WHAT IS EXPECTED = Once the line with "using inj_p fixed_point_mem_image_iff[OF" is found, repeat exactly that line and every one after it until the data below ends, including the last line.

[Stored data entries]
━━━━━━

(* (1) Let $\nu=\sum_{k=1}^m\lambda_k\delta_{a_k}$ be a probability measure with $\lambda_k>0$, $\sum_k\lambda_k=1$ and $a_1<a_2<\cdots<a_m$. For any $b\in\mathbb{R}$, $b\neq0$, the measure $\delta_b\rhd\nu$ has exactly $m$ distinct atoms (and no other mass). Writing $\delta_b\rhd\nu=\sum_{k=1}^m\mu_k\delta_{b_k}$ with $b_1<\cdots<b_m$, the atoms satisfy either $b_1<a_1<b_2<a_2<\cdots<a_{m-1}<b_m<a_m$ or $a_1<b_1<a_2<b_2<\cdots<a_m<b_m$, and the weights are $\mu_i=\frac{\prod_{k=1}^m(b_i-a_k)}{b\prod_{k\neq i}(b_i-b_k)}$. (2) Moreover, if $b$ and $c$ are distinct real numbers, the $2m$ atoms appearing in $\delta_b\rhd\nu$ and $\delta_c\rhd\nu$ are all different.
   Context: For a probability measure $\mu$ on $\mathbb{R}$, $G_\mu(z)=\int\frac{1}{z-x}d\mu(x)$ on $\mathbb{C}^+$ and $H_\mu=1/G_\mu$. The monotone convolution $\mu\rhd\nu$ is the unique probability measure with $H_{\mu\rhd\nu}=H_\mu\circ H_\nu$. In particular $H_{\delta_b\rhd\nu}=H_\nu-b$. *)

theory Defs
  imports "HOL-Probability.Probability"
begin

definition cauchy_G :: "real measure \<Rightarrow> complex \<Rightarrow> complex" where
  "cauchy_G M z = (\<integral>x. 1 / (z - complex_of_real x) \<partial>M)"

definition cauchy_H :: "real measure \<Rightarrow> complex \<Rightarrow> complex" where
  "cauchy_H M z = 1 / cauchy_G M z"

definition mono_conv :: "real measure \<Rightarrow> real measure \<Rightarrow> real measure" where
  "mono_conv \<mu> \<nu> = (THE \<rho>. prob_space \<rho> \<and> sets \<rho> = sets borel \<and>
      (\<forall>z. 0 < Im z \<longrightarrow> cauchy_H \<rho> z = cauchy_H \<mu> (cauchy_H \<nu> z)))"

definition atoms_measure :: "(nat \<Rightarrow> real) \<Rightarrow> (nat \<Rightarrow> real) \<Rightarrow> nat \<Rightarrow> real measure" where
  "atoms_measure w x m = measure_of UNIV (sets borel)
      (\<lambda>A. \<Sum>k\<in>{1..m}. ennreal (w k) * indicator A (x k))"

definition atoms_of :: "real measure \<Rightarrow> real set" where
  "atoms_of M = {x. 0 < emeasure M {x}}"

end

theory Submission
  imports Defs "HOL-Computational_Algebra.Polynomial"
begin
(* Let $I=\langle N,M,V\rangle$ be an ordered instance of chores and let $i\in N$ be an agent with an MMS partition $A=\langle A_1,\dots,A_n\rangle$ containing a bundle $B$ with $|B|=2$ and $B\cap\{1,2,\dots,n-1\}=\emptyset$. Then $i$ has an MMS partition $A'=\langle A'_1,\dots,A'_n\rangle$ such that (i) $|A_j|=|A'_j|$ for all $j\in N$, (ii) $\{n,n+1\}$ is one of the bundles of $A'$, and (iii) each chore $g\in\{1,2,\dots,n-1\}$ lies in the bundle with the same index in $A$ and in $A'$.
   Context: An instance of chores $I=\langle N,M,V\rangle$ has agents $N=\{1,\dots,n\}$, chores $M=\{1,\dots,m\}$ and additive valuations $v_i$ with $v_i(\emptyset)=0$, $v_i(S)=\sum_{g\in S}v_i(\{g\})$ and $v_{ij}:=v_i(\{j\})\le 0$. It is ordered if $v_{ij}\le v_{i(j+1)}$ for all $i\in N$ and $1\le j<m$ (so chore $1$ is the worst). An allocation ($n$-partition) is an ordered $n$-tuple of pairwise disjoint, possibly empty subsets of $M$ with union $M$. The maximin share of $i$ is $\mu_i=\max_A\min_j v_i(A_j)$ over all allocations; an MMS partition of $i$ is an allocation $A$ with $v_i(A_j)\ge\mu_i$ for all $j$. *)

theory Defs
  imports Complex_Main
begin

text \<open>Agents are 1..n, chores are 1..m; v i g is the (non-positive) value of chore g for agent i.
An allocation is A :: nat \<Rightarrow> nat set, where only the bundles A 1, ..., A n matter.\<close>

definition is_alloc :: "nat \<Rightarrow> nat \<Rightarrow> (nat \<Rightarrow> nat set) \<Rightarrow> bool" where
  "is_alloc n m A \<longleftrightarrow>
     (\<forall>j\<in>{1..n}. \<forall>k\<in>{1..n}. j \<noteq> k \<longrightarrow> A j \<inter> A k = {}) \<and>
     (\<Union>j\<in>{1..n}. A j) = {1..m}"

definition bval :: "(nat \<Rightarrow> nat \<Rightarrow> real) \<Rightarrow> nat \<Rightarrow> nat set \<Rightarrow> real" where
  "bval v i S = (\<Sum>g\<in>S. v i g)"

definition chores_instance :: "nat \<Rightarrow> nat \<Rightarrow> (nat \<Rightarrow> nat \<Rightarrow> real) \<Rightarrow> bool" where
  "chores_instance n m v \<longleftrightarrow> (\<forall>i\<in>{1..n}. \<forall>g\<in>{1..m}. v i g \<le> 0)"

definition ordered_instance :: "nat \<Rightarrow> nat \<Rightarrow> (nat \<Rightarrow> nat \<Rightarrow> real) \<Rightarrow> bool" where
  "ordered_instance n m v \<longleftrightarrow> (\<forall>i\<in>{1..n}. \<forall>j. 1 \<le> j \<and> j < m \<longrightarrow> v i j \<le> v i (Suc j))"

definition mms :: "nat \<Rightarrow> nat \<Rightarrow> (nat \<Rightarrow> nat \<Rightarrow> real) \<Rightarrow> nat \<Rightarrow> real" where
  "mms n m v i = Max {Min ((\<lambda>j. bval v i (A j)) ` {1..n}) | A. is_alloc n m A}"

definition mms_partition :: "nat \<Rightarrow> nat \<Rightarrow> (nat \<Rightarrow> nat \<Rightarrow> real) \<Rightarrow> nat \<Rightarrow> (nat \<Rightarrow> nat set) \<Rightarrow> bool" where
  "mms_partition n m v i A \<longleftrightarrow> is_alloc n m A \<and> (\<forall>j\<in>{1..n}. bval v i (A j) \<ge> mms n m v i)"

end

theory Submission
  imports Defs "HOL-Combinatorics.Transposition"
begin

text \<open>Among the chores 1, ..., n+1 two share a bundle of any allocation, and since chores are
non-positive and ordered that bundle is worth at most v(n) + v(n+1); hence so is the maximin
share. Now relabel the chores: if B = {a, b} with n \<le> a < b, the permutation
(b n+1) \<circ> (a n) sends B onto {n, n+1}, fixes every chore below n, and sends every chore
outside B to a chore with an index at least as large. Bundles other than B can only gain
value, and the image of B is worth v(n) + v(n+1), which is at least the maximin share.\<close>

lemma ordered_instance_mono:
  assumes "ordered_instance n m v" "i \<in> {1..n}" "1 \<le> g" "g \<le> h" "h \<le> m"
  shows "v i g \<le> v i h"
  using assms(4,5)
proof (induction h rule: dec_induct)
  case base
  then show ?case by simp
next
  case (step k)
  then have "v i k \<le> v i (Suc k)"
    using assms(1-3) unfolding ordered_instance_def by auto
  with step show ?case by simp
qed

lemma is_alloc_bundle_subset: "is_alloc n m A \<Longrightarrow> j \<in> {1..n} \<Longrightarrow> A j \<subseteq> {1..m}"
  unfolding is_alloc_def by blast

lemma is_alloc_disjoint:
  "is_alloc n m A \<Longrightarrow> j \<in> {1..n} \<Longrightarrow> k \<in> {1..n} \<Longrightarrow> j \<noteq> k \<Longrightarrow> A j \<inter> A k = {}"
  unfolding is_alloc_def by blast

lemma is_alloc_covers: "is_alloc n m A \<Longrightarrow> g \<in> {1..m} \<Longrightarrow> \<exists>j\<in>{1..n}. g \<in> A j"
  unfolding is_alloc_def by blast

lemma mms_partition_le_bval:
  "mms_partition n m v i A \<Longrightarrow> j \<in> {1..n} \<Longrightarrow> mms n m v i \<le> bval v i (A j)"
  unfolding mms_partition_def by blast

lemma bval_le_pair:
  assumes "chores_instance n m v" "i \<in> {1..n}" "S \<subseteq> {1..m}" "g \<in> S" "h \<in> S" "g \<noteq> h"
  shows "bval v i S \<le> v i g + v i h"
proof -
  have fin: "finite S"
    using assms(3) finite_subset by blast
  have "bval v i S = (\<Sum>x\<in>{g, h}. v i x) + (\<Sum>x\<in>S - {g, h}. v i x)"
    unfolding bval_def using fin assms(4,5)
    by (metis empty_subsetI insert_subset sum.subset_diff add.commute)
  also have "(\<Sum>x\<in>S - {g, h}. v i x) \<le> 0"
    using assms(1-3) unfolding chores_instance_def by (intro sum_nonpos) auto
  finally show ?thesis
    using assms(6) by simp
qed

lemma is_alloc_pigeonhole:
  assumes "is_alloc n m A" "n < m"
  shows "\<exists>j\<in>{1..n}. \<exists>g h. 1 \<le> g \<and> g < h \<and> h \<le> n + 1 \<and> g \<in> A j \<and> h \<in> A j"
proof -
  define owner where "owner g = (SOME j. j \<in> {1..n} \<and> g \<in> A j)" for g
  have owner: "owner g \<in> {1..n} \<and> g \<in> A (owner g)" if "g \<in> {1..n+1}" for g
  proof -
    have "\<exists>j. j \<in> {1..n} \<and> g \<in> A j"
      using that assms(2) is_alloc_covers[OF assms(1), of g] by auto
    then show ?thesis
      unfolding owner_def by (rule someI_ex)
  qed
  have "owner ` {1..n+1} \<subseteq> {1..n}"
    using owner by blast
  then have "card (owner ` {1..n+1}) \<le> card {1..n}"
    by (intro card_mono) auto
  then have "card (owner ` {1..n+1}) < card {1..n+1}"
    by simp
  then have "\<not> inj_on owner {1..n+1}"
    by (rule pigeonhole)
  then obtain g h where gh: "g \<in> {1..n+1}" "h \<in> {1..n+1}" "g < h" "owner g = owner h"
    unfolding inj_on_def by (metis linorder_neqE_nat)
  then show ?thesis
    using owner[of g] owner[of h] by (intro bexI[of _ "owner g"]) auto
qed

lemma mms_le_value_n_Suc_n:
  assumes ch: "chores_instance n m v" and ord: "ordered_instance n m v" and i: "i \<in> {1..n}"
    and mp: "mms_partition n m v i A" and "n < m"
  shows "mms n m v i \<le> v i n + v i (n + 1)"
proof -
  have al: "is_alloc n m A"
    using mp unfolding mms_partition_def by simp
  obtain j g h where j: "j \<in> {1..n}" and gh: "1 \<le> g" "g < h" "h \<le> n + 1" "g \<in> A j" "h \<in> A j"
    using is_alloc_pigeonhole[OF al \<open>n < m\<close>] by blast
  have "mms n m v i \<le> bval v i (A j)"
    using mms_partition_le_bval[OF mp j] .
  also have "\<dots> \<le> v i g + v i h"
    using bval_le_pair[OF ch i is_alloc_bundle_subset[OF al j]] gh by simp
  also have "\<dots> \<le> v i n + v i (n + 1)"
    using ordered_instance_mono[OF ord i] gh \<open>n < m\<close> by (intro add_mono) auto
  finally show ?thesis .
qed

lemma is_alloc_relabel:
  assumes "is_alloc n m A" "bij_betw p {1..m} {1..m}"
  shows "is_alloc n m (\<lambda>j. p ` A j)"
  unfolding is_alloc_def
proof (intro conjI ballI impI)
  fix j k assume jk: "j \<in> {1..n}" "k \<in> {1..n}" "j \<noteq> k"
  have "p ` A j \<inter> p ` A k = p ` (A j \<inter> A k)"
    using is_alloc_bundle_subset[OF assms(1)] jk bij_betw_imp_inj_on[OF assms(2)]
    by (intro inj_on_image_Int[symmetric]) auto
  then show "p ` A j \<inter> p ` A k = {}"
    using is_alloc_disjoint[OF assms(1) jk] by simp
next
  have "(\<Union>j\<in>{1..n}. p ` A j) = p ` (\<Union>j\<in>{1..n}. A j)"
    by auto
  then show "(\<Union>j\<in>{1..n}. p ` A j) = {1..m}"
    using assms unfolding is_alloc_def bij_betw_def by simp
qed

lemma bval_le_bval_image:
  assumes ord: "ordered_instance n m v" and i: "i \<in> {1..n}"
    and S: "S \<subseteq> {1..m}" and p: "bij_betw p {1..m} {1..m}" and up: "\<forall>g\<in>S. g \<le> p g"
  shows "bval v i S \<le> bval v i (p ` S)"
proof -
  have "bval v i S \<le> (\<Sum>g\<in>S. v i (p g))"
    unfolding bval_def
  proof (rule sum_mono)
    fix g assume "g \<in> S"
    moreover have "p g \<in> {1..m}"
      using \<open>g \<in> S\<close> S p bij_betwE by blast
    ultimately show "v i g \<le> v i (p g)"
      using ordered_instance_mono[OF ord i] S up by auto
  qed
  also have "\<dots> = bval v i (p ` S)"
    unfolding bval_def using inj_on_subset[OF bij_betw_imp_inj_on[OF p] S]
    by (simp add: sum.reindex)
  finally show ?thesis .
qed

lemma mms_partition_relabel:
  assumes ord: "ordered_instance n m v" and i: "i \<in> {1..n}"
    and mp: "mms_partition n m v i A" and k: "k \<in> {1..n}"
    and p: "bij_betw p {1..m} {1..m}" and up: "\<forall>g\<in>{1..m} - A k. g \<le> p g"
    and image_k: "mms n m v i \<le> bval v i (p ` A k)"
  shows "mms_partition n m v i (\<lambda>j. p ` A j)"
  unfolding mms_partition_def
proof (intro conjI ballI)
  have al: "is_alloc n m A"
    using mp unfolding mms_partition_def by simp
  then show "is_alloc n m (\<lambda>j. p ` A j)"
    using p by (rule is_alloc_relabel)
  fix j assume j: "j \<in> {1..n}"
  show "mms n m v i \<le> bval v i (p ` A j)"
  proof (cases "j = k")
    case False
    then have "\<forall>g\<in>A j. g \<le> p g"
      using up is_alloc_disjoint[OF al j k] is_alloc_bundle_subset[OF al j] by blast
    then have "bval v i (A j) \<le> bval v i (p ` A j)"
      using bval_le_bval_image[OF ord i is_alloc_bundle_subset[OF al j] p] by blast
    then show ?thesis
      using mms_partition_le_bval[OF mp j] by linarith
  qed (use image_k in simp)
qed

lemma transpose_pair_image:
  fixes a b n :: nat
  assumes "n \<le> a" "a < b"
  shows "(transpose b (n + 1) \<circ> transpose a n) ` {a, b} = {n, n + 1}"
  using assms by (auto simp: transpose_def)

lemma transpose_pair_increasing:
  fixes a b n g :: nat
  assumes "n \<le> a" "a < b" "g \<notin> {a, b}"
  shows "g \<le> (transpose b (n + 1) \<circ> transpose a n) g"
  using assms by (auto simp: transpose_def)

lemma transpose_pair_fixes_below:
  fixes a b n g :: nat
  assumes "n \<le> a" "a < b" "g < n"
  shows "(transpose b (n + 1) \<circ> transpose a n) g = g"
  using assms by (auto simp: transpose_def)

lemma bij_betw_transpose_pair:
  fixes a b n m :: nat
  assumes "1 \<le> n" "n \<le> a" "a < b" "b \<le> m"
  shows "bij_betw (transpose b (n + 1) \<circ> transpose a n) {1..m} {1..m}"
  using assms by (intro bij_betw_trans[of _ _ "{1..m}"] bij_betw_transpose_iff) auto

lemma fixed_point_mem_image_iff:
  assumes "inj p" "p g = g"
  shows "g \<in> p ` S \<longleftrightarrow> g \<in> S"
  using assms by (metis image_iff inj_image_mem_iff)

theorem lemma15:
  fixes n m i :: nat and v :: "nat \<Rightarrow> nat \<Rightarrow> real" and A :: "nat \<Rightarrow> nat set" and B :: "nat set"
  assumes "n \<ge> 1"
    and "chores_instance n m v"
    and "ordered_instance n m v"
    and "i \<in> {1..n}"
    and "mms_partition n m v i A"
    and "B \<in> A ` {1..n}"
    and "card B = 2"
    and "B \<inter> {1..n-1} = {}"
  shows "\<exists>A'. mms_partition n m v i A' \<and>
           (\<forall>j\<in>{1..n}. card (A j) = card (A' j)) \<and>
           {n, n+1} \<in> A' ` {1..n} \<and>
           (\<forall>g\<in>{1..n-1}. \<forall>j\<in>{1..n}. g \<in> A j \<longleftrightarrow> g \<in> A' j)"
proof -
  obtain k where k: "k \<in> {1..n}" "A k = B"
    using assms(6) by auto
  have "B \<subseteq> {1..m}"
    using assms(5) k is_alloc_bundle_subset unfolding mms_partition_def by blast
  moreover obtain a b where ab: "B = {a, b}" "a < b"
    using assms(7) by (metis card_2_iff linorder_neqE_nat insert_commute)
  ultimately have bounds: "n \<le> a" "b \<le> m"
    using assms(8) by fastforce+
  define p where "p = transpose b (n + 1) \<circ> transpose a n"
  have bij_p: "bij_betw p {1..m} {1..m}"
    unfolding p_def using assms(1) bounds ab by (intro bij_betw_transpose_pair) auto
  have inj_p: "inj p"
    unfolding p_def by (simp add: inj_compose inj_transpose)
  have image_B: "p ` B = {n, n + 1}"
    unfolding p_def ab(1) using transpose_pair_image bounds ab(2) by blast
  have "mms n m v i \<le> bval v i (p ` B)"
    using mms_le_value_n_Suc_n[OF assms(2-5)] bounds ab image_B
    by (simp add: bval_def)
  then have "mms_partition n m v i (\<lambda>j. p ` A j)"
    using mms_partition_relabel[OF assms(3,4,5) k(1) bij_p] transpose_pair_increasing bounds ab k
    unfolding p_def by auto
  moreover have "p g = g" if "g \<in> {1..n-1}" for g
    unfolding p_def using transpose_pair_fixes_below bounds ab that by auto
  moreover have "{n, n + 1} \<in> (\<lambda>j. p ` A j) ` {1..n}"
    using image_B k by (intro image_eqI[where x = k]) auto
  ultimately show ?thesis
    using inj_p fixed_point_mem_image_iff[OF inj_p]
    by (intro exI[of _ "\<lambda>j. p ` A j"]) (auto simp: card_image inj_on_subset)
qed

end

━━━━━━

ANSWER SPACE =
    using inj_p fixed_point_mem_image_iff[OF inj_p]
    by (intro exI[of _ "\<lambda>j. p ` A j"]) (auto simp: card_image inj_on_subset)
qed

end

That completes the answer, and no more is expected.